(* Let $G$ and $H$ be trees, let $\omega:(V(G)\times V(H))\cup(E(G)\times E(H))\to\mathbb{R}\cup\{-\infty\}$ be a weight function, and let $r\in V(G)$ be arbitrary. Then $\mathrm{MCS}_{\mathrm{fast}}(G^r,H)=\mathrm{MCS}(G,H)$, where $\mathrm{MCS}_{\mathrm{fast}}(G^r,H):=\max\{\mathrm{MCS}_{\mathrm{root}}(G^r_u,H^{s})\mid u\in V(G),\ s\in V(H)\}$ and $\mathrm{MCS}(G,H):=\max\{\mathrm{MCS}_{\mathrm{root}}(G^{r'},H^{s})\mid r'\in V(G),\ s\in V(H)\}$.
   Context: All graphs are simple and undirected; a tree is a connected graph with a unique path between any two vertices. An isomorphism between graphs $A,B$ is a bijection $\phi:V(A)\to V(B)$ with $uv\in E(A)\Leftrightarrow\phi(u)\phi(v)\in E(B)$. For a tree $G$ and $r\in V(G)$, $G^r$ denotes $G$ rooted at $r$; for $u\in V(G)$, the rooted subtree $G^r_u$ is the subtree of $G$ induced by $u$ and all its descendants in $G^r$, rooted at $u$. A common subtree isomorphism between trees $A$ and $B$ is an isomorphism $\varphi$ between induced subgraphs $A[X]$ and $B[Y]$ that are trees; $\operatorname{dom}(\varphi)=X$. Its weight is $W(\varphi)=\sum_{v\in X}\omega(v,\varphi(v))+\sum_{uv\in E(A[X])}\omega(uv,\varphi(u)\varphi(v))$. For rooted trees $A^a$ and $B^b$ (here subtrees of $G$ and $H$, so $\omega$ applies), $\mathrm{MCS}_{\mathrm{root}}(A^a,B^b)$ is the maximum weight of a common subtree isomorphism $\varphi$ between $A$ and $B$ with $a\in\operatorname{dom}(\varphi)$ and $\varphi(a)=b$. Equivalently, $\mathrm{MCS}_{\mathrm{root}}(A^a,B^b)=\omega(a,b)+W(M)$, where $M$ is a maximum weight matching (possibly empty) of the complete bipartite graph on the children $C(a)$ of $a$ and $C(b)$ of $b$ with edge weights $\omega(aa',bb')+\mathrm{MCS}_{\mathrm{root}}(A^a_{a'},B^b_{b'})$. *)

theory Defs
  imports Main "HOL-Library.Extended_Real"
begin

definition is_path :: "'a set \<Rightarrow> 'a set set \<Rightarrow> 'a list \<Rightarrow> bool" where
  "is_path V E xs \<longleftrightarrow> xs \<noteq> [] \<and> distinct xs \<and> set xs \<subseteq> V \<and>
     (\<forall>i < length xs - 1. {xs ! i, xs ! Suc i} \<in> E)"

definition simple_graph :: "'a set \<Rightarrow> 'a set set \<Rightarrow> bool" where
  "simple_graph V E \<longleftrightarrow> finite V \<and> E \<subseteq> {{u, v} | u v. u \<in> V \<and> v \<in> V \<and> u \<noteq> v}"

definition tree :: "'a set \<Rightarrow> 'a set set \<Rightarrow> bool" where
  "tree V E \<longleftrightarrow> simple_graph V E \<and> V \<noteq> {} \<and>
     (\<forall>u\<in>V. \<forall>v\<in>V. \<exists>!xs. is_path V E xs \<and> hd xs = u \<and> last xs = v)"

definition induced :: "'a set set \<Rightarrow> 'a set \<Rightarrow> 'a set set" where
  "induced E X = {e \<in> E. e \<subseteq> X}"

definition tree_path :: "'a set \<Rightarrow> 'a set set \<Rightarrow> 'a \<Rightarrow> 'a \<Rightarrow> 'a list" where
  "tree_path V E r w = (THE xs. is_path V E xs \<and> hd xs = r \<and> last xs = w)"

text \<open>Vertex set of the rooted subtree G^r_u: u and all its descendants in G^r.\<close>
definition descendants :: "'a set \<Rightarrow> 'a set set \<Rightarrow> 'a \<Rightarrow> 'a \<Rightarrow> 'a set" where
  "descendants V E r u = {w \<in> V. u \<in> set (tree_path V E r w)}"

text \<open>phi restricted to X is a common subtree isomorphism between (VA,EA) and (VB,EB),
  with dom(phi) = X.\<close>
definition common_subtree_iso ::
  "'a set \<Rightarrow> 'a set set \<Rightarrow> 'b set \<Rightarrow> 'b set set \<Rightarrow> ('a \<Rightarrow> 'b) \<Rightarrow> 'a set \<Rightarrow> bool" where
  "common_subtree_iso VA EA VB EB \<phi> X \<longleftrightarrow>
     X \<subseteq> VA \<and> \<phi> ` X \<subseteq> VB \<and> inj_on \<phi> X \<and>
     tree X (induced EA X) \<and> tree (\<phi> ` X) (induced EB (\<phi> ` X)) \<and>
     (\<forall>u\<in>X. \<forall>v\<in>X. {u, v} \<in> EA \<longleftrightarrow> {\<phi> u, \<phi> v} \<in> EB)"

definition iso_weight ::
  "('a \<Rightarrow> 'b \<Rightarrow> ereal) \<Rightarrow> ('a set \<Rightarrow> 'b set \<Rightarrow> ereal) \<Rightarrow> 'a set set \<Rightarrow> ('a \<Rightarrow> 'b) \<Rightarrow> 'a set \<Rightarrow> ereal" where
  "iso_weight \<omega>V \<omega>E EA \<phi> X =
     (\<Sum>v\<in>X. \<omega>V v (\<phi> v)) + (\<Sum>e\<in>induced EA X. \<omega>E e (\<phi> ` e))"
lemma hom_heis_lattice_commutator:
  assumes h: "h \<in> hom (heis_lattice L) (heis_lattice L')" and L: "complex_subring L"
    and a: "a1 \<in> L" "a2 \<in> L" "a3 \<in> L" and b: "b1 \<in> L" "b2 \<in> L" "b3 \<in> L"
    and ha: "h (heis_mat a1 a2 a3) = heis_mat p1 p2 p3"
    and hb: "h (heis_mat b1 b2 b3) = heis_mat q1 q2 q3"
  shows "h (heis_center (a2 * b1 - a1 * b2)) = heis_center (p2 * q1 - p1 * q2)"
proof -
  let ?A = "heis_mat a1 a2 a3" and ?B = "heis_mat b1 b2 b3"
    and ?C = "heis_center (a2 * b1 - a1 * b2)"
  have A: "?A \<in> carrier (heis_lattice L)" and B: "?B \<in> carrier (heis_lattice L)"
    using a b by (simp_all add: heis_mat_in_heis_lattice_iff)
  have C: "?C \<in> carrier (heis_lattice L)"
    using a b L by (simp add: heis_mat_in_heis_lattice_iff complex_subring_zero
        complex_subring_diff complex_subring_mult)
  then have "h ?C \<in> carrier (heis_lattice L')"
    by (rule hom_in_carrier[OF h])
  then obtain r1 r2 r3 where hc: "h ?C = heis_mat r1 r2 r3"
    by (auto elim: heis_lattice_elim)
  have "h ?A ** h ?B = h ?C ** (h ?B ** h ?A)"
    using hom_heis_lattice_mult[OF h] heis_lattice_mult_closed[OF L] A B C
    by (metis heis_mat_commutator)
  then have "heis_mat (p1 + q1) (p2 + q2) (p3 + q3 + p2 * q1) =
      heis_mat (r1 + (q1 + p1)) (r2 + (q2 + p2)) (r3 + (q3 + p3 + q2 * p1) + r2 * (q1 + p1))"
    by (simp add: ha hb hc heis_mat_mult)
  then show ?thesis
    by (auto simp: hc heis_mat_eq_iff algebra_simps)
qed

lemma hom_heis_lattice_one:
  assumes h: "h \<in> hom (heis_lattice L) (heis_lattice L')" and L: "complex_subring L"
  shows "h (heis_center 0) = heis_center 0"
proof -
  have I: "heis_center 0 \<in> carrier (heis_lattice L)"
    using L by (simp add: heis_mat_in_heis_lattice_iff complex_subring_zero)
  then have "h (heis_center 0) \<in> carrier (heis_lattice L')"
    by (rule hom_in_carrier[OF h])
  then obtain c1 c2 c3 where hI: "h (heis_center 0) = heis_mat c1 c2 c3"
    by (auto elim: heis_lattice_elim)
  have "h (heis_center 0) = h (heis_center 0) ** h (heis_center 0)"
    using hom_heis_lattice_mult[OF h I I] by (simp add: heis_mat_mult)
  then show ?thesis
    by (auto simp: hI heis_mat_mult heis_mat_eq_iff)
qed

----

Brief
If a line of the data above contains "subseteq", copy it out.

Output of the exercise
  "is_path V E xs \<longleftrightarrow> xs \<noteq> [] \<and> distinct xs \<and> set xs \<subseteq> V \<and>
  "simple_graph V E \<longleftrightarrow> finite V \<and> E \<subseteq> {{u, v} | u v. u \<in> V \<and> v \<in> V \<and> u \<noteq> v}"
  "induced E X = {e \<in> E. e \<subseteq> X}"
     X \<subseteq> VA \<and> \<phi> ` X \<subseteq> VB \<and> inj_on \<phi> X \<and>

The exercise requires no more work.